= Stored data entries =
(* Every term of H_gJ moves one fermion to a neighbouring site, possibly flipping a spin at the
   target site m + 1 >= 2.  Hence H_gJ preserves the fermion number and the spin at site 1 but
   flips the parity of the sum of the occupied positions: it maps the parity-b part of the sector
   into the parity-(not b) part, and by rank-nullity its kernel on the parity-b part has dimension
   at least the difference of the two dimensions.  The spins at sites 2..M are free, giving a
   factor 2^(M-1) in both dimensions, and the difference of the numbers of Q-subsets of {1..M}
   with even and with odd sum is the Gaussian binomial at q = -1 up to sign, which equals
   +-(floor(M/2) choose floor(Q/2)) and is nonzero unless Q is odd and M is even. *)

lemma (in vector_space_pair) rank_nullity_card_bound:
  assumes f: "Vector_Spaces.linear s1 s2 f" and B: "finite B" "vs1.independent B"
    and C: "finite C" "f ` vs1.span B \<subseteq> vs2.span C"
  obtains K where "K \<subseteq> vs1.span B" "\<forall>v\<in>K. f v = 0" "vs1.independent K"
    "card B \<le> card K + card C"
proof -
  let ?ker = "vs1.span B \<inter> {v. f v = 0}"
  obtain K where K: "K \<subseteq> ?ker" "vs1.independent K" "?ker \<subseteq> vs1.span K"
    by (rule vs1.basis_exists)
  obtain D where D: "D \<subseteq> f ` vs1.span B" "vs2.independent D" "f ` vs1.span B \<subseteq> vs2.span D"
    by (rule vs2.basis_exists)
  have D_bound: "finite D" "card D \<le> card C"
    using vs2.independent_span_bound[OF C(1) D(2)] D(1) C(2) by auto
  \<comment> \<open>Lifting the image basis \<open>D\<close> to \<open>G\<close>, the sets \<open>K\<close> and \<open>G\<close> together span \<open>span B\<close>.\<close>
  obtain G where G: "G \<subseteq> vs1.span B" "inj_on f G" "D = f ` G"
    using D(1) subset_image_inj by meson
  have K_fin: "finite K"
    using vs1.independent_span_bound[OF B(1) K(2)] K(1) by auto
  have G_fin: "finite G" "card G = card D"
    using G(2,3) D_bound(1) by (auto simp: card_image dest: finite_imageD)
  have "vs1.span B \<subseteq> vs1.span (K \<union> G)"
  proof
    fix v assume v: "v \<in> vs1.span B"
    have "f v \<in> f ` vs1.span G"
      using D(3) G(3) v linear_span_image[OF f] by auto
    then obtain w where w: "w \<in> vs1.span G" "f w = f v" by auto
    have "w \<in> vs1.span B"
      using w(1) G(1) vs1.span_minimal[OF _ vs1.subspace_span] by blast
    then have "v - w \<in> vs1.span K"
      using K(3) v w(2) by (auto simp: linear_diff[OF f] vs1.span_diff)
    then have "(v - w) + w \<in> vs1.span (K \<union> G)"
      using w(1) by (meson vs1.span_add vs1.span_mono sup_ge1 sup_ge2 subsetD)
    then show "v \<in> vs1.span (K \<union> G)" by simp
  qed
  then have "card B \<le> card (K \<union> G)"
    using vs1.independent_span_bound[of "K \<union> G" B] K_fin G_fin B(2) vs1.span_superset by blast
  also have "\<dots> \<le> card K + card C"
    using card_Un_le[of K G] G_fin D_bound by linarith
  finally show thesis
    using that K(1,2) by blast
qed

...

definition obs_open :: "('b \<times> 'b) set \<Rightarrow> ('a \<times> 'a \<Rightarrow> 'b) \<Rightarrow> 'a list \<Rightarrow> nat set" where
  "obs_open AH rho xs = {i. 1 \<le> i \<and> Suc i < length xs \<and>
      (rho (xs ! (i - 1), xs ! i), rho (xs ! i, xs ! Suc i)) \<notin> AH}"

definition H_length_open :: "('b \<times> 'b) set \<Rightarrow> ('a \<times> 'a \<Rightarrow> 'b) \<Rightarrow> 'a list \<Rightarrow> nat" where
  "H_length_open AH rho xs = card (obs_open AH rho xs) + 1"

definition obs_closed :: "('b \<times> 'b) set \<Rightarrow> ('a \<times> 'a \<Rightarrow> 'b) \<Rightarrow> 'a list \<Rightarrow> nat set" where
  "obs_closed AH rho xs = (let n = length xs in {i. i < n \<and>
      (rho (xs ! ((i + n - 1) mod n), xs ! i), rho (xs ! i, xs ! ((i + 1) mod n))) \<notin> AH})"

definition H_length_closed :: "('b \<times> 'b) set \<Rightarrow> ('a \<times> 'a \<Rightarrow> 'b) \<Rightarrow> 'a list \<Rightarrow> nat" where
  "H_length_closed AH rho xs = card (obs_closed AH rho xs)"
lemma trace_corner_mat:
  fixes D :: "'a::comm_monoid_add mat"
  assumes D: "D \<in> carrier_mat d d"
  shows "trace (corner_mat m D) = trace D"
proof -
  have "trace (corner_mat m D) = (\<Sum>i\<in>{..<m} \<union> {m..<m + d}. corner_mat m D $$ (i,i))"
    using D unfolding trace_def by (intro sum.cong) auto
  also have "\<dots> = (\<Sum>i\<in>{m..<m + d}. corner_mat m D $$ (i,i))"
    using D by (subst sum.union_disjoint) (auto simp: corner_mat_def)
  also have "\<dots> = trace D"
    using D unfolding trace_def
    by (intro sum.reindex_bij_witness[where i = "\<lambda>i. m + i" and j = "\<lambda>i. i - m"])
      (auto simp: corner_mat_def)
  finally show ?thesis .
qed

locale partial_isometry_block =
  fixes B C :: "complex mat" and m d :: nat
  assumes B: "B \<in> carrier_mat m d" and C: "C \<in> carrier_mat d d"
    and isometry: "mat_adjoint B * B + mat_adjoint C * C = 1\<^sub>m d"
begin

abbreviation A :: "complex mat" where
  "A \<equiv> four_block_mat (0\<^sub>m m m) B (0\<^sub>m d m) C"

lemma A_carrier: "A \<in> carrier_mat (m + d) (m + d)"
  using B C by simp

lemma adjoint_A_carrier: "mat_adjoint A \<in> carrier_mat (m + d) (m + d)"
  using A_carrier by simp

==

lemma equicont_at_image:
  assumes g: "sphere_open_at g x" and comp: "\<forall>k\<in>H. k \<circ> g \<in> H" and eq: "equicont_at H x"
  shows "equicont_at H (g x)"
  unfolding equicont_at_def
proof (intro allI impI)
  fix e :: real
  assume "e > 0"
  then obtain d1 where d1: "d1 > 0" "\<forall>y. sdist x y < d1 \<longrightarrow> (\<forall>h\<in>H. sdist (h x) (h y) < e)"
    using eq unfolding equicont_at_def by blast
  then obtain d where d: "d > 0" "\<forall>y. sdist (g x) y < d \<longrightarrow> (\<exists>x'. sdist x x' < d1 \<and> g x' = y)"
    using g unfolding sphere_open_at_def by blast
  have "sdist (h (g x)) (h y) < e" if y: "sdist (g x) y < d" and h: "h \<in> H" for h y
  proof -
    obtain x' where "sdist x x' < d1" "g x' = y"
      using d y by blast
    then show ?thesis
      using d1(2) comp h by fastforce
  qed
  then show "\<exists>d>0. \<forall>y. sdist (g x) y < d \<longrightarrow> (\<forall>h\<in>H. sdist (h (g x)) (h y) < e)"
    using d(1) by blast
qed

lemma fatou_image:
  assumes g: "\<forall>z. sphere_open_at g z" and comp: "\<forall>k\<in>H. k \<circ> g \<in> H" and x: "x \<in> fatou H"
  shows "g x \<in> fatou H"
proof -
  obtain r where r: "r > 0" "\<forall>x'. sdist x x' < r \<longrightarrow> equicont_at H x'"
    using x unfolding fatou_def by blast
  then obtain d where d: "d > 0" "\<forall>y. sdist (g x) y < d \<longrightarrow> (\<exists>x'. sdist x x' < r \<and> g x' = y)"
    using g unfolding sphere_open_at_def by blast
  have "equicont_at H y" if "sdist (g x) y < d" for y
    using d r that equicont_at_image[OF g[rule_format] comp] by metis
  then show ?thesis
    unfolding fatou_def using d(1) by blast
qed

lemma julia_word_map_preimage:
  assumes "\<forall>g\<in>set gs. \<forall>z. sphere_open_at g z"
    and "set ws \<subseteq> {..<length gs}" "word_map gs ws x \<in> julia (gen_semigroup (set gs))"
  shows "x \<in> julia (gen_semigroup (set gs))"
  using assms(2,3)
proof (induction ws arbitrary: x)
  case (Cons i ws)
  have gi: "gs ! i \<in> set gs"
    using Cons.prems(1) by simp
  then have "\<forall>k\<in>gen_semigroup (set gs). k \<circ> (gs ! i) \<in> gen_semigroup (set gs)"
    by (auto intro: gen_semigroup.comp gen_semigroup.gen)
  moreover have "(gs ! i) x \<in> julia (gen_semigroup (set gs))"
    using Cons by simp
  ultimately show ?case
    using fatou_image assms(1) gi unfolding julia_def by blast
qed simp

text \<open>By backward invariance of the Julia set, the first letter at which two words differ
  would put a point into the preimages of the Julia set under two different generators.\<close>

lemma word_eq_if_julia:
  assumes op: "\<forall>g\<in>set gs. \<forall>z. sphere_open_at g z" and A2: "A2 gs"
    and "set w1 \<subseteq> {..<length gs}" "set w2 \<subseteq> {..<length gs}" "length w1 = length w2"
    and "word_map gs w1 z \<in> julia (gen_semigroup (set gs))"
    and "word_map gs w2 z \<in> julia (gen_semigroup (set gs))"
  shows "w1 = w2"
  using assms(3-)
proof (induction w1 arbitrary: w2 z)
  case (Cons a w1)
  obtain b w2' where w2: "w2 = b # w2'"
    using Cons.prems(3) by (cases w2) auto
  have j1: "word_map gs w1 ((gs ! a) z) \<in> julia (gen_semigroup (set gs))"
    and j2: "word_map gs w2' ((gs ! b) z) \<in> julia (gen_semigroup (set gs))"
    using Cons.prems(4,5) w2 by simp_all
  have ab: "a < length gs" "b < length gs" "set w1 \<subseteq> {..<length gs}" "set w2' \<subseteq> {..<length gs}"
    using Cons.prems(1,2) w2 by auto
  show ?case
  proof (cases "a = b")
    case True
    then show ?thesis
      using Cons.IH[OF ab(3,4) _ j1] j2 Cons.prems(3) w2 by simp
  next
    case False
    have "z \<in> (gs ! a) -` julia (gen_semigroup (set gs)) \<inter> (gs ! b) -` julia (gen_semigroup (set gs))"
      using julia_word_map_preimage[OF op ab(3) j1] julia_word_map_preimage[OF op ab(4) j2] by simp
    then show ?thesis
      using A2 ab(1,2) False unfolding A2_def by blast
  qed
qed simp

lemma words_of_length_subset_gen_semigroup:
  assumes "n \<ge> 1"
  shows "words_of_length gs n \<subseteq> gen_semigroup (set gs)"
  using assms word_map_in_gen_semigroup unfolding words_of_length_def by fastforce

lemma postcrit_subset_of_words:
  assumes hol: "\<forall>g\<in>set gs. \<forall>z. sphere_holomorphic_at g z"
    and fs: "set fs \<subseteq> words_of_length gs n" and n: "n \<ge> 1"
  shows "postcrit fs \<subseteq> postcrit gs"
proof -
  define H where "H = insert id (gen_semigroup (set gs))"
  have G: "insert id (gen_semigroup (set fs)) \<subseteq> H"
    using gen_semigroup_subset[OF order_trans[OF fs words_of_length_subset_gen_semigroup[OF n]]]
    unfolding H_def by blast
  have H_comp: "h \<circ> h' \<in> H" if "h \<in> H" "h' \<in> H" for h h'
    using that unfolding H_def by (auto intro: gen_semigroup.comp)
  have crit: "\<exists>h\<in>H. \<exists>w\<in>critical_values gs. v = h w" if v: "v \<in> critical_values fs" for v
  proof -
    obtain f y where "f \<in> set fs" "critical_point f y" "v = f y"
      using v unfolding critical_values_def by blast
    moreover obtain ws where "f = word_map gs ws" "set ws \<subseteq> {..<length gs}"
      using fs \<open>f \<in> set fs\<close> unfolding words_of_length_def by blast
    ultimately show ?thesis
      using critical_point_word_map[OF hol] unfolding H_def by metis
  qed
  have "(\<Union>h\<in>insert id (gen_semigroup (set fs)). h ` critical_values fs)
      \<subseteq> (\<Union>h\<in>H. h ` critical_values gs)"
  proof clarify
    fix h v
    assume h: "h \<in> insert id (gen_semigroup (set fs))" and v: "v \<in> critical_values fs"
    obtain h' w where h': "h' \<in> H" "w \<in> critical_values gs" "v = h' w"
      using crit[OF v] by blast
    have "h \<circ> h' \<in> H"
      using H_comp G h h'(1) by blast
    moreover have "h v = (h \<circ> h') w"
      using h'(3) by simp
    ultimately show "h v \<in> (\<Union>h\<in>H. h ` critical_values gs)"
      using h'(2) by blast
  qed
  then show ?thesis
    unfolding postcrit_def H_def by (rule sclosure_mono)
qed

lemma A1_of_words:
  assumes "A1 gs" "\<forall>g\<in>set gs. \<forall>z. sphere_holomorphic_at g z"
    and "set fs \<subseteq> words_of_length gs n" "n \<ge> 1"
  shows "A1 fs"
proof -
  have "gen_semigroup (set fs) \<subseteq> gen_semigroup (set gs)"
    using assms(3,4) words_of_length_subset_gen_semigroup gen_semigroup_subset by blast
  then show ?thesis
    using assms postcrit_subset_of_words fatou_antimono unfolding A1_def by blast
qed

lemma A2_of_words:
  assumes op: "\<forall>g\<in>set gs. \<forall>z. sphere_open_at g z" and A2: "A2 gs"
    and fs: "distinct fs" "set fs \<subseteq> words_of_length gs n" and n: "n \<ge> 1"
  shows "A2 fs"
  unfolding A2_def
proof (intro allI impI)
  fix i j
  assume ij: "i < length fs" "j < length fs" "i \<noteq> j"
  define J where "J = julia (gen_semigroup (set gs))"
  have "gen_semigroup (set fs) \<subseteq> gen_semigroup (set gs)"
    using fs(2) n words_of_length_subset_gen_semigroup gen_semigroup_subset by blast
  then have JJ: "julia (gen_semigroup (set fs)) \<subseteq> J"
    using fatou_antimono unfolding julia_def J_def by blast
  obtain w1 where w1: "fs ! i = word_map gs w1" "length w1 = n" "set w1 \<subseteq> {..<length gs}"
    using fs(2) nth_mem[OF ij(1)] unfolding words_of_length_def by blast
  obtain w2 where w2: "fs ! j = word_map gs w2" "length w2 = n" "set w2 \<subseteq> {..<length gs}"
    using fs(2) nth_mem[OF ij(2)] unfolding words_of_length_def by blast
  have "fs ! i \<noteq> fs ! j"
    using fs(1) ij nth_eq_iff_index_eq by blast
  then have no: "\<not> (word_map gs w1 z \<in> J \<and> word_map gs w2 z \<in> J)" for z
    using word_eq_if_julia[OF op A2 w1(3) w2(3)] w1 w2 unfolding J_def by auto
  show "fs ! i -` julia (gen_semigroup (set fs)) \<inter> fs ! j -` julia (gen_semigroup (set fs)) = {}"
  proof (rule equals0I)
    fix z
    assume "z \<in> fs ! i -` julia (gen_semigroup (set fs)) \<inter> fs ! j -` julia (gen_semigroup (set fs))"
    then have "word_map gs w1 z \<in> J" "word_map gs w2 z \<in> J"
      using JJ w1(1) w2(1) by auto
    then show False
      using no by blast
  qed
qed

= Work to complete =
Show every line above in which the word "metis" is found.

= Answer to the exercise =
    using d r that equicont_at_image[OF g[rule_format] comp] by metis
      using critical_point_word_map[OF hol] unfolding H_def by metis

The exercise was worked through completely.